In terms of education, I think just a high school degree is required, and your high school grade point average does not even matter. The only time that the test varies is if you were a veteran and have served in the military, you may get an extra 5 or 10 points to your test score. And that also counts towards your retirement, because if you have served four years in the military, they may count that time as time served in government service, so you can retire four years earlier.
What kinds of skills are required, especially for someone who is just starting out?
I would definitely say that memory is the most crucial skill. Most of the job involves your casing ability, because you get mail that comes in trays and buckets. You have to case and sort it every day. So, you have to pretty much know how to case quickly and efficiently, and the best way to do that is to simply memorize it. You have to be good with numbers and addresses and things like that.

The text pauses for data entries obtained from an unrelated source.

(* Let $P$ be a natural unit interval order. For every finite multiset $\beta$ of elements of $P$, $W_\beta(t)\in(I^P_T)^\perp$. Moreover, $\{W_\beta(t)\}$, as $\beta$ ranges over all finite multisets of elements of $P$, is a $\mathbb{Q}(t)$-basis of $(I^P_T)^\perp\subseteq\mathbb{Q}(t)\otimes\mathcal{U}_P^*$.
   Context: A natural unit interval order is a finite poset $P$ with a total order $<$ on $P$ such that $a<_Pb$ implies $a<b$, and if $a\sim_Pb$, $b\sim_Pc$, $a<_Pc$ then $a<b<c$ (here $\sim_P$ means incomparable or equal). $\mathcal{U}_P=\mathbb{Z}\langle u_a:a\in P\rangle$; $\mathcal{U}_P^*$ is the free module on words in $P$, with pairing $\langle\mathbf{u}_w,v\rangle=\delta_{vw}$ extended $\mathbb{Q}(t)$-bilinearly; $I^\perp$ is the set of $\gamma$ with $\langle z,\gamma\rangle=0$ for all $z\in I$. $I^P_T\subseteq\mathbb{Q}(t)\otimes\mathcal{U}_P$ is the ideal generated by $u_cu_a-u_au_c$ ($a<_Pc$) and $u_bu_a-t\,u_au_b$ ($a<b$, $a\sim_Pb$). For a word $w$, $\mathrm{inv}_P(w)=\#\{(i,j): i<j,\ w_i>w_j,\ w_i\sim_Pw_j\}$. The content of a word is its multiset of letters; $W_\beta(t)=\sum t^{\mathrm{inv}_P(w)}w$ over all words $w$ of content $\beta$. *)

theory Defs
  imports "HOL-Computational_Algebra.Polynomial" "HOL-Computational_Algebra.Fraction_Field"
          "HOL-Library.Multiset" "HOL-Library.Function_Algebras"
begin

type_synonym qt = "rat poly fract"

definition tt :: qt where "tt = Fract [:0, 1:] 1"

text \<open>P is a finite set of elements of a linearly ordered type; the type's order is
  the total order <.  ltP is the strict order of the poset P.\<close>

definition incP :: "('a \<Rightarrow> 'a \<Rightarrow> bool) \<Rightarrow> 'a \<Rightarrow> 'a \<Rightarrow> bool" where
  "incP ltP a b \<longleftrightarrow> \<not> ltP a b \<and> \<not> ltP b a"

definition nuio :: "'a::linorder set \<Rightarrow> ('a \<Rightarrow> 'a \<Rightarrow> bool) \<Rightarrow> bool" where
  "nuio P ltP \<longleftrightarrow> finite P
     \<and> (\<forall>a\<in>P. \<not> ltP a a)
     \<and> (\<forall>a\<in>P. \<forall>b\<in>P. \<forall>c\<in>P. ltP a b \<and> ltP b c \<longrightarrow> ltP a c)
     \<and> (\<forall>a\<in>P. \<forall>b\<in>P. ltP a b \<longrightarrow> a < b)
     \<and> (\<forall>a\<in>P. \<forall>b\<in>P. \<forall>c\<in>P. incP ltP a b \<and> incP ltP b c \<and> ltP a c \<longrightarrow> a < b \<and> b < c)"

text \<open>Elements of Q(t) \<otimes> U_P and of Q(t) \<otimes> U_P^*: finitely supported Q(t)-valued
  functions on words, supported on words with letters in P.\<close>
definition fsupp :: "'a set \<Rightarrow> ('a list \<Rightarrow> qt) set" where
  "fsupp P = {f. finite {w. f w \<noteq> 0} \<and> (\<forall>w. f w \<noteq> 0 \<longrightarrow> set w \<subseteq> P)}"

definition word :: "'a list \<Rightarrow> 'a list \<Rightarrow> qt" where
  "word v = (\<lambda>w. if w = v then 1 else 0)"

definition fmult :: "('a list \<Rightarrow> qt) \<Rightarrow> ('a list \<Rightarrow> qt) \<Rightarrow> 'a list \<Rightarrow> qt" where
  "fmult f g = (\<lambda>w. \<Sum>i\<le>length w. f (take i w) * g (drop i w))"

definition scal :: "qt \<Rightarrow> ('a list \<Rightarrow> qt) \<Rightarrow> 'a list \<Rightarrow> qt" where
  "scal c f = (\<lambda>w. c * f w)"

definition gensT :: "'a::linorder set \<Rightarrow> ('a \<Rightarrow> 'a \<Rightarrow> bool) \<Rightarrow> ('a list \<Rightarrow> qt) set" where
  "gensT P ltP =
     {word [c, a] - word [a, c] | a c. a \<in> P \<and> c \<in> P \<and> ltP a c}
   \<union> {word [b, a] - scal tt (word [a, b]) | a b. a \<in> P \<and> b \<in> P \<and> a < b \<and> incP ltP a b}"

inductive_set ideal_gen :: "'a set \<Rightarrow> ('a list \<Rightarrow> qt) set \<Rightarrow> ('a list \<Rightarrow> qt) set"
  for P G where
  gen: "r \<in> G \<Longrightarrow> r \<in> ideal_gen P G"
| zero: "0 \<in> ideal_gen P G"
| add: "x \<in> ideal_gen P G \<Longrightarrow> y \<in> ideal_gen P G \<Longrightarrow> x + y \<in> ideal_gen P G"
| lmult: "x \<in> ideal_gen P G \<Longrightarrow> a \<in> fsupp P \<Longrightarrow> fmult a x \<in> ideal_gen P G"
| rmult: "x \<in> ideal_gen P G \<Longrightarrow> a \<in> fsupp P \<Longrightarrow> fmult x a \<in> ideal_gen P G"

definition IT :: "'a::linorder set \<Rightarrow> ('a \<Rightarrow> 'a \<Rightarrow> bool) \<Rightarrow> ('a list \<Rightarrow> qt) set" where
  "IT P ltP = ideal_gen P (gensT P ltP)"

text \<open>The pairing: <u_w, v> = delta_{vw}, extended bilinearly.\<close>
definition pairing :: "('a list \<Rightarrow> qt) \<Rightarrow> ('a list \<Rightarrow> qt) \<Rightarrow> qt" where
  "pairing z \<gamma> = (\<Sum>w\<in>{w. z w \<noteq> 0}. z w * \<gamma> w)"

What kind of training is involved?
You take a test on which a lot of memory questions are tested. They may give you an address like "41 Brooks Place" or "141 Brooks Place," and they may ask you a second later to repeat the address you just read. I took it a long time ago, sometime in the 1980s. Although, it has probably changed now, I think memory was tested a lot. They tried to mess with your brain by changing numbers or addresses. So, instead of "Brooks Place," it would be "Brooks Pond Place." On the test, you have to score above a 70, and the higher you get, the more you have a chance of being placed. If I remember correctly, I think I scored really low. I was surprised to be even called in. With the training, you are given a 90-day probationary period where they teach you, but everything comes naturally over this period. And if you are not fast enough to case your own route, tear it down and deliver it, then you will not make it.

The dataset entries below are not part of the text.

lemma sum_histories_length_Suc:
  fixes f :: "('a::finite, 'b::finite) history \<Rightarrow> 'c::comm_monoid_add"
  shows "(\<Sum>h\<in>{h. length h = Suc n}. f h) =
         (\<Sum>h\<in>{h. length h = n}. \<Sum>a\<in>UNIV. \<Sum>b\<in>UNIV. f (h @ [(a, b)]))"
proof -
  have img: "{h. length h = Suc n} = (\<lambda>(h, x). h @ [x]) ` ({h. length h = n} \<times> UNIV)"
    by (auto simp: length_Suc_conv_rev)
  have inj: "inj_on (\<lambda>(h, x). h @ [x]) ({h::('a, 'b) history. length h = n} \<times> UNIV)"
    by (auto simp: inj_on_def)
  have "(\<Sum>h\<in>{h. length h = Suc n}. f h) = (\<Sum>(h, x)\<in>{h. length h = n} \<times> UNIV. f (h @ [x]))"
    unfolding img by (subst sum.reindex[OF inj]) (simp add: case_prod_beta)
  also have "\<dots> = (\<Sum>h\<in>{h. length h = n}. \<Sum>x\<in>UNIV. f (h @ [x]))"
    by (rule sum.cartesian_product[symmetric])
  also have "\<dots> = (\<Sum>h\<in>{h. length h = n}. \<Sum>a\<in>UNIV. \<Sum>b\<in>UNIV. f (h @ [(a, b)]))"
    by (simp add: sum.cartesian_product UNIV_Times_UNIV[symmetric] del: UNIV_Times_UNIV)
  finally show ?thesis .
qed

lemma hist_prob_Nil [simp]: "hist_prob \<sigma>X \<sigma>Y [] = 1"
  by (simp add: hist_prob_def)

lemma hist_prob_snoc [simp]:
  "hist_prob \<sigma>X \<sigma>Y (h @ [(a, b)]) = hist_prob \<sigma>X \<sigma>Y h * pmf (\<sigma>X h) a * pmf (\<sigma>Y h) b"
  by (simp add: hist_prob_def nth_append mult.assoc)

lemma hist_prob_nonneg: "0 \<le> hist_prob \<sigma>X \<sigma>Y h"
  by (simp add: hist_prob_def prod_nonneg)

lemma sum_pmf_pair_affine:
  fixes p :: "'a::finite pmf" and q :: "'b::finite pmf"
  shows "(\<Sum>a\<in>UNIV. \<Sum>b\<in>UNIV. pmf p a * pmf q b * (d + g b)) = d + (\<Sum>b\<in>UNIV. pmf q b * g b)"
proof -
  have "(\<Sum>a\<in>UNIV. \<Sum>b\<in>UNIV. pmf p a * pmf q b * (d + g b)) =
        (\<Sum>a\<in>UNIV. pmf p a * (\<Sum>b\<in>UNIV. pmf q b * (d + g b)))"
    by (simp add: sum_distrib_left mult.assoc)
  also have "\<dots> = d + (\<Sum>b\<in>UNIV. pmf q b * g b)"
    by (simp add: distrib_left sum.distrib sum_distrib_right[symmetric])
  finally show ?thesis .
qed

lemma sum_hist_prob [simp]:
  fixes \<sigma>X :: "('a::finite, 'b::finite) history \<Rightarrow> 'a pmf"
  shows "(\<Sum>h\<in>{h. length h = n}. hist_prob \<sigma>X \<sigma>Y h) = 1"
proof (induction n)
  case (Suc n)
  then show ?case
    using sum_pmf_pair_affine[of _ _ 0 "\<lambda>_. 1"]
    by (simp add: sum_histories_length_Suc sum_distrib_left[symmetric])
qed simp

lemma sum_hist_prob_mult_le:
  fixes \<sigma>X :: "('a::finite, 'b::finite) history \<Rightarrow> 'a pmf"
  assumes "\<And>h. length h = n \<Longrightarrow> f h \<le> c"
  shows "(\<Sum>h\<in>{h. length h = n}. hist_prob \<sigma>X \<sigma>Y h * f h) \<le> c"
  using assms by (intro weighted_sum_le) (auto simp: finite_histories_length hist_prob_nonneg)

lemma stage_exp_uminus: "stage_exp \<sigma>X \<sigma>Y (\<lambda>a b. - \<phi> a b) t = - stage_exp \<sigma>X \<sigma>Y \<phi> t"
  by (simp add: stage_exp_def sum_negf)

lemma stage_exp_eq_mixed_ext:
  "stage_exp \<sigma>X \<sigma>Y \<phi> t =
     (\<Sum>h\<in>{h. length h = t}. hist_prob \<sigma>X \<sigma>Y h * (\<Sum>b\<in>UNIV. pmf (\<sigma>Y h) b * mixed_ext \<phi> (\<sigma>X h) b))"
proof -
  have "(\<Sum>a\<in>UNIV. \<Sum>b\<in>UNIV. pmf p a * pmf q b * \<phi> a b) =
        (\<Sum>b\<in>UNIV. pmf q b * (\<Sum>a\<in>UNIV. pmf p a * \<phi> a b))" for p q
    by (subst sum.swap) (simp add: sum_distrib_left mult_ac)
  then show ?thesis
    by (simp add: stage_exp_def mixed_ext_def)
qed

lemma stage_exp_le:
  fixes \<sigma>X :: "('a::finite, 'b::finite) history \<Rightarrow> 'a pmf"
  assumes "\<And>h b. b \<in> set_pmf (\<sigma>Y h) \<Longrightarrow> mixed_ext \<phi> (\<sigma>X h) b \<le> c"
  shows "stage_exp \<sigma>X \<sigma>Y \<phi> t \<le> c"
  unfolding stage_exp_eq_mixed_ext using assms
  by (intro sum_hist_prob_mult_le sum_pmf_mult_le)

lemma abs_stage_exp_le:
  fixes \<sigma>X :: "('a::finite, 'b::finite) history \<Rightarrow> 'a pmf"
  assumes "\<And>a b. \<bar>\<phi> a b\<bar> \<le> c"
  shows "\<bar>stage_exp \<sigma>X \<sigma>Y \<phi> t\<bar> \<le> c"
proof -
  have "stage_exp \<sigma>X \<sigma>Y \<psi> t \<le> c" if "\<And>a b. \<psi> a b \<le> c" for \<psi>
    using that by (intro stage_exp_le mixed_ext_le)
  from this[of \<phi>] this[of "\<lambda>a b. - \<phi> a b"] show ?thesis
    using assms by (simp add: stage_exp_uminus abs_le_iff)
qed

lemma summable_discounted_stage_exp:
  fixes \<sigma>X :: "('a::finite, 'b::finite) history \<Rightarrow> 'a pmf"
  assumes "0 \<le> lam" and "lam < 1"
  shows "summable (\<lambda>t. lam ^ t * stage_exp \<sigma>X \<sigma>Y \<phi> t)"
proof -
  obtain c where c: "\<And>a b. \<bar>\<phi> a b\<bar> \<le> c"
    using finite_payoff_bounded by blast
  show ?thesis
  proof (rule summable_comparison_test')
    show "summable (\<lambda>t. c * lam ^ t)"
      using assms by (intro summable_mult summable_geometric) simp
    show "norm (lam ^ t * stage_exp \<sigma>X \<sigma>Y \<phi> t) \<le> c * lam ^ t" for t
      using mult_left_mono[OF abs_stage_exp_le[where \<phi> = \<phi>, OF c], of "lam ^ t"] assms
      by (simp add: abs_mult mult.commute)
  qed
qed

lemma autocratic_uminus:
  fixes \<sigma>X :: "('a::finite, 'b::finite) history \<Rightarrow> 'a pmf"
  assumes "autocratic \<phi> lam \<sigma>X"
  shows "autocratic (\<lambda>a b. - \<phi> a b) lam \<sigma>X"
proof -
  have discounted: "(\<Sum>t. lam ^ t * stage_exp \<sigma>X \<sigma>Y (\<lambda>a b. - \<phi> a b) t) =
      - (\<Sum>t. lam ^ t * stage_exp \<sigma>X \<sigma>Y \<phi> t)" if "0 \<le> lam" "lam < 1" for \<sigma>Y
    using suminf_minus[OF summable_discounted_stage_exp[OF that]] by (simp add: stage_exp_uminus)
  have average: "(\<lambda>T. (\<Sum>t\<le>T. stage_exp \<sigma>X \<sigma>Y (\<lambda>a b. - \<phi> a b) t) / real (T + 1)) =
      (\<lambda>T. - ((\<Sum>t\<le>T. stage_exp \<sigma>X \<sigma>Y \<phi> t) / real (T + 1)))" for \<sigma>Y
    by (simp add: stage_exp_uminus sum_negf)
  from assms[unfolded autocratic_def] show ?thesis
  proof (elim disjE conjE)
    assume "0 \<le> lam" "lam < 1"
      and "\<forall>\<sigma>Y. (1 - lam) * (\<Sum>t. lam ^ t * stage_exp \<sigma>X \<sigma>Y \<phi> t) = 0"
    then have "(1 - lam) * (\<Sum>t. lam ^ t * stage_exp \<sigma>X \<sigma>Y (\<lambda>a b. - \<phi> a b) t) = 0" for \<sigma>Y
      using discounted[OF \<open>0 \<le> lam\<close> \<open>lam < 1\<close>, of \<sigma>Y] by simp
    then show ?thesis
      unfolding autocratic_def using \<open>0 \<le> lam\<close> \<open>lam < 1\<close> by blast
  next
    assume "lam = 1"
      and enforced: "\<forall>\<sigma>Y. (\<lambda>T. (\<Sum>t\<le>T. stage_exp \<sigma>X \<sigma>Y \<phi> t) / real (T + 1)) \<longlonglongrightarrow> 0"
    have "(\<lambda>T. (\<Sum>t\<le>T. stage_exp \<sigma>X \<sigma>Y (\<lambda>a b. - \<phi> a b) t) / real (T + 1)) \<longlonglongrightarrow> 0" for \<sigma>Y
      using tendsto_minus[OF enforced[rule_format, of \<sigma>Y]] unfolding average by simp
    then show ?thesis
      unfolding autocratic_def using \<open>lam = 1\<close> by blast
  qed
qed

Are there any downsides to your career?
I guess the bad thing is that we are sort of like cows that come in and know what stall to go to. So, we don't need a lot of supervision. Unfortunately, there are a lot of supervisors. Basically, we have too many chiefs and not enough Indians. And we don't need supervision at all, because we know what we have to do. So, we rarely hear from them unless there is a real problem.
Do you have any advice for someone starting out as a Letter Carrier?

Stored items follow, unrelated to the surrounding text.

(* Let $G=(V,A)$, $\mathfrak n=\mathfrak n(G)$ and $\delta$ be as below, with $\delta(e_i)=\sum_{\alpha\in A}\lambda_{i,\alpha}e_i\wedge\alpha+\omega_i$. Let $e_{i_0}\in V$ and $\alpha\in A$. Suppose there are vertices $e_{i_0},e_{i_1},\dots,e_{i_{N-1}}$ and edges $\beta_0,\dots,\beta_{N-1}$ such that $\beta_k$ joins $e_{i_k}$ and $e_{i_{k+1}}$ (indices mod $N$, so $\beta_{N-1}$ joins $e_{i_{N-1}}$ and $e_{i_0}$) and $\beta_k\ne\alpha$ for all $k$. Then $\lambda_{i_0,\alpha}=(-1)^N\lambda_{i_0,\alpha}$; in particular, if $N$ is odd then $\lambda_{i_0,\alpha}=0$.
   Context: $G=(V,A)$ is a finite simple graph without loops and without isolated vertices, $V=\{e_1,\dots,e_n\}$ ordered, each edge joining $e_i,e_j$ ($i<j$) oriented from $e_i$ to $e_j$. $\mathfrak n(G)$ over a field of characteristic zero has basis $V\cup A$, $[e_i,e_j]=\alpha$ if $\alpha$ goes from $e_i$ to $e_j$, $[e_i,e_j]=0$ if not adjacent, edges central; $\mathfrak z=\mathrm{span}(A)$. $\delta$ is a Lie bialgebra structure on $\mathfrak n$ (linear $\delta:\mathfrak n\to\Lambda^2\mathfrak n$ satisfying co-Jacobi and $\delta[x,y]=[\delta x,y]+[x,\delta y]$) with $\delta(\mathfrak z)=0$, such that for every vertex $e_i$ one has $\delta(e_i)=\sum_{\alpha\in A}\lambda_{i,\alpha}e_i\wedge\alpha+\omega_i$ with scalars $\lambda_{i,\alpha}$ and $\omega_i\in\Lambda^2\mathfrak z$. *)

theory Defs
  imports Main
begin

text \<open>Basis of n(G): vertices e_i (indexed 0..n-1, ordered by index) and edges.
  An edge is a pair (i,j) with i < j, oriented from e_i to e_j.\<close>
datatype bas = Vx nat | Ed "nat \<times> nat"

definition basis_set :: "nat \<Rightarrow> (nat \<times> nat) set \<Rightarrow> bas set" where
  "basis_set n A = Vx ` {..<n} \<union> Ed ` A"

definition simple_graph_noiso :: "nat \<Rightarrow> (nat \<times> nat) set \<Rightarrow> bool" where
  "simple_graph_noiso n A \<longleftrightarrow>
     (\<forall>(i,j)\<in>A. i < j \<and> j < n) \<and>
     (\<forall>i<n. \<exists>(a,b)\<in>A. i = a \<or> i = b)"

definition in_n :: "nat \<Rightarrow> (nat \<times> nat) set \<Rightarrow> (bas \<Rightarrow> 'k::field) \<Rightarrow> bool" where
  "in_n n A x \<longleftrightarrow> (\<forall>b. b \<notin> basis_set n A \<longrightarrow> x b = 0)"

definition unitv :: "bas \<Rightarrow> bas \<Rightarrow> 'k::field" where
  "unitv e = (\<lambda>b. if b = e then 1 else 0)"

definition br :: "(nat \<times> nat) set \<Rightarrow> (bas \<Rightarrow> 'k::field) \<Rightarrow> (bas \<Rightarrow> 'k) \<Rightarrow> bas \<Rightarrow> 'k" where
  "br A x y = (\<lambda>b. case b of
      Vx _ \<Rightarrow> 0
    | Ed (i,j) \<Rightarrow> (if (i,j) \<in> A then x (Vx i) * y (Vx j) - x (Vx j) * y (Vx i) else 0))"

text \<open>Lambda^2 n is realised as antisymmetric 2-tensors t a b (coefficients w.r.t. basis pairs);
  x \<wedge> y = x \<otimes> y - y \<otimes> x.\<close>
definition wedge :: "(bas \<Rightarrow> 'k::field) \<Rightarrow> (bas \<Rightarrow> 'k) \<Rightarrow> bas \<Rightarrow> bas \<Rightarrow> 'k" where
  "wedge x y = (\<lambda>a b. x a * y b - x b * y a)"

definition delta :: "nat \<Rightarrow> (nat \<times> nat) set \<Rightarrow> (bas \<Rightarrow> bas \<Rightarrow> bas \<Rightarrow> 'k::field)
    \<Rightarrow> (bas \<Rightarrow> 'k) \<Rightarrow> bas \<Rightarrow> bas \<Rightarrow> 'k" where
  "delta n A D x = (\<lambda>a b. \<Sum>e\<in>basis_set n A. x e * D e a b)"

text \<open>Adjoint action of x on 2-tensors: x.(u\<otimes>v) = [x,u]\<otimes>v + u\<otimes>[x,v].\<close>
definition act2 :: "nat \<Rightarrow> (nat \<times> nat) set \<Rightarrow> (bas \<Rightarrow> 'k::field) \<Rightarrow> (bas \<Rightarrow> bas \<Rightarrow> 'k)
    \<Rightarrow> bas \<Rightarrow> bas \<Rightarrow> 'k" where
  "act2 n A x t = (\<lambda>a b. (\<Sum>c\<in>basis_set n A. br A x (unitv c) a * t c b)
                        + (\<Sum>c\<in>basis_set n A. br A x (unitv c) b * t a c))"

definition delta_id_delta :: "nat \<Rightarrow> (nat \<times> nat) set \<Rightarrow> (bas \<Rightarrow> bas \<Rightarrow> bas \<Rightarrow> 'k::field)
    \<Rightarrow> (bas \<Rightarrow> 'k) \<Rightarrow> bas \<Rightarrow> bas \<Rightarrow> bas \<Rightarrow> 'k" where
  "delta_id_delta n A D x = (\<lambda>a b c. \<Sum>d\<in>basis_set n A. delta n A D x d c * D d a b)"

I would say don't do it. You know, just from being there for so long, I can see how the job has changed and how the pressure has increased. You would think that the longer you are on the job, the less pressure you would have. But, even with my seniority, I am always feeling more and more pressure. So, I can only imagine what a new employee is going through. And what is a new employee going to go through ten years from now? I always tell the younger 20-year-old employees who come into the job that it is a good job for now, but don't make it into a career. Do something else that has more benefits than we get. And it is a shame to say that, because there are so many good perks in this profession. But, it seems like the upper management is just running the job into the ground, and they are burying us in it.
Is there a kind of person that is not well-suited for this job?
It is kind of hard to say, but if you are not conscientious, you will not do well. On a daily basis, as you are delivering packages, you have a scanner you use to scan packages and then know the order that they need to be delivered in. If you skip a passage accidentally, you will have to go back on your route, deliver it and basically waste time. So, there is a lot of preparation that goes into it, because you have to be aware of what delivery is coming up. If someone is not really organized and cannot think ahead, then this job is not really for them.
What kind of skills do employers look for when candidates are interviewed?
I think personality is definitely important. You have to be outgoing, and no one wants to work with someone with a chip on his shoulder or an attitude. I think how well you score on the test determines what kind of skills you have.